Despite the cautions Durham is taking, she has concerns about what COVID will continue to look like for people from all over.
“I am worried about what this will look like for the next year(s),” she said.
So many questions roar in her head. “How long until we reach herd immunity? How long until more folks get vaccinated? How long until we can resume our life at a semi-regular pace?
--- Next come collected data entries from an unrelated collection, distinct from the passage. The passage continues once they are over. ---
lemma rational_rel_letter_to_letter_inter_lex:
  "letter_to_letter_rel S \<Longrightarrow> rational_rel (S \<inter> lex r)"
  unfolding letter_to_letter_rel_def rational_rel_def
  using wf_lex_t realizes_lex_t by metis

lemma rational_rel_letter_to_letter:
  "letter_to_letter_rel S \<Longrightarrow> rational_rel S"
  unfolding letter_to_letter_rel_def rational_rel_def by blast

lemma rel_prod_iff:
  "(w, z) \<in> rel_prod X Y \<longleftrightarrow> (\<exists>u x v y. w = u @ x \<and> z = v @ y \<and> (u, v) \<in> X \<and> (x, y) \<in> Y)"
  unfolding rel_prod_def by blast

lemma rel_prod_appendI: "(u, v) \<in> X \<Longrightarrow> (x, y) \<in> Y \<Longrightarrow> (u @ x, v @ y) \<in> rel_prod X Y"
  unfolding rel_prod_def by blast

lemma converse_rel_prod: "(rel_prod X Y)\<inverse> = rel_prod (X\<inverse>) (Y\<inverse>)"
  unfolding rel_prod_def by blast

lemma rel_prod_inter_lenlex_right:
  assumes S: "\<And>u v. (u, v) \<in> S \<Longrightarrow> length u = length v"
    and D: "\<And>x y. (x, y) \<in> D \<Longrightarrow> x = [] \<or> y = []"
  shows "rel_prod S D \<inter> lenlex r =
           rel_prod S {(x, y) \<in> D. length x < length y} \<union>
           (if ([], []) \<in> D then S \<inter> lex r else {})"
proof (rule equalityI; rule subrelI)
  fix w z assume "(w, z) \<in> rel_prod S D \<inter> lenlex r"
  then have "(w, z) \<in> rel_prod S D" and ord: "(w, z) \<in> lenlex r" by auto
  then obtain u x v y where p: "w = u @ x" "z = v @ y" "(u, v) \<in> S" "(x, y) \<in> D"
    unfolding rel_prod_iff by blast
  from ord have "length x < length y \<or> (x = [] \<and> y = [] \<and> (u, v) \<in> lex r)"
    unfolding p(1,2) using S[OF p(3)] D[OF p(4)] by (auto simp: lenlex_conv)
  then show "(w, z) \<in> rel_prod S {(x, y) \<in> D. length x < length y} \<union>
               (if ([], []) \<in> D then S \<inter> lex r else {})"
  proof
    assume "length x < length y"
    then have "(w, z) \<in> rel_prod S {(x, y) \<in> D. length x < length y}"
      unfolding p(1,2) using p(3,4) by (intro rel_prod_appendI) auto
    then show ?thesis ..
  qed (use p in auto)
next
  fix w z assume "(w, z) \<in> rel_prod S {(x, y) \<in> D. length x < length y} \<union>
                    (if ([], []) \<in> D then S \<inter> lex r else {})"
  then show "(w, z) \<in> rel_prod S D \<inter> lenlex r"
  proof
    assume "(w, z) \<in> rel_prod S {(x, y) \<in> D. length x < length y}"
    then obtain u x v y where p: "w = u @ x" "z = v @ y" "(u, v) \<in> S" "(x, y) \<in> D"
      and "length x < length y"
      unfolding rel_prod_iff by blast
    then have "(w, z) \<in> lenlex r" using S[OF p(3)] by (simp add: lenlex_conv)
    moreover have "(w, z) \<in> rel_prod S D"
      unfolding p(1,2) using p(3,4) by (rule rel_prod_appendI)
    ultimately show ?thesis by blast
  next
    assume "(w, z) \<in> (if ([], []) \<in> D then S \<inter> lex r else {})"
    then have D0: "([], []) \<in> D" and "(w, z) \<in> S" "(w, z) \<in> lex r"
      by (auto split: if_splits)
    then have "(w, z) \<in> lenlex r" by (simp add: lenlex_conv lex_conv)
    moreover have "(w @ [], z @ []) \<in> rel_prod S D"
      using \<open>(w, z) \<in> S\<close> D0 by (rule rel_prod_appendI)
    ultimately show ?thesis by simp
  qed
qed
How long until I can go places freely without panic or anxiety?” she said.
She’s also frustrated that people seem to be apathetic about COVID and stopping it. “I’m frustrated especially knowing it may be another year without spending Thanksgiving with my family, while many folks are confident traveling without any precautions or worries, many of whom are unvaccinated,” she said. “I think we’ve gotten to a state of just accepting COVID as is rather than pushing for more vaccinations so that we can actually push through this.”
“How do you feel about mask mandates in schools?”
Nguyen believes mask-wearing is an easy way we can show others we care about them.
“As a United Methodist, our first rule is to ‘do no harm.’ Wearing a mask is a simple way that I can show love for my neighbor,” she said.
But Nguyen’s passion about this topic doesn’t pertain only to her religious beliefs. She’s naturally a compassionate person, and she knows lives are more important than education. Plus, as a mother, she knows the heightened stakes of school mask mandates.
“Both of my children — in middle school and high school — are in schools which require masks. If their schools did not mandate masks from students, teachers, and staff, I would not have them in school,” she said. “Their lives and the lives of those around us are too precious.”
Rachel is also a loving and considerate person who believes mask mandates should be in place. “I’m all for it,” she said. “I don’t think public schools should allow for masks to be optional.”
Additionally, we interviewed a couple of N.C. teachers about similar topics, and they agreed on this main truth: Students and school staff must take precautions, such as social distancing, sanitizing, and mask-wearing.
“What are your hopes for N.C. with these issues?”
Nguyen believes people need to focus more on collective health and compassion. “My hope is that we can lay aside our individualism and make choices that demonstrate love for our neighbors,” she said.
Rachel feels hopeful about the advancements we’ve seen around stopping COVID. “I’m hopeful now that a booster shot will soon be widely available for folks to take,” she said. “I’m also hopeful that although there’s still many questions and concerns about Delta, we at least know more about COVID than we did a year ago. Masks work, and vaccines work. Having those questions and uncertainties somewhat answered feels good.”
Women and COVID as a whole
Not all women will feel the same way, and both Nguyen and Rachel are members of the clergy. However, research shows that most women wear their masks, especially compared to men. According to a WebMD survey, 73 percent of women will wear masks as long as experts recommend them, while only 63 percent of men will do the same.
Irmak Olcaysoy Okten, a postdoctoral researcher in New York University’s Department of Psychology, backs this up. She explained how women are more likely to take precautions for other people.
“[Women] also pay more attention to the health-related needs of others. So it’s not surprising that these tendencies would translate into greater efforts on behalf of women to prevent the spread of the pandemic,” she said, as shared in a CNN article.
So no matter how tired of COVID you are, this is true: To protect each other, we need to get vaccinated, wear masks, and have empathy for those around us.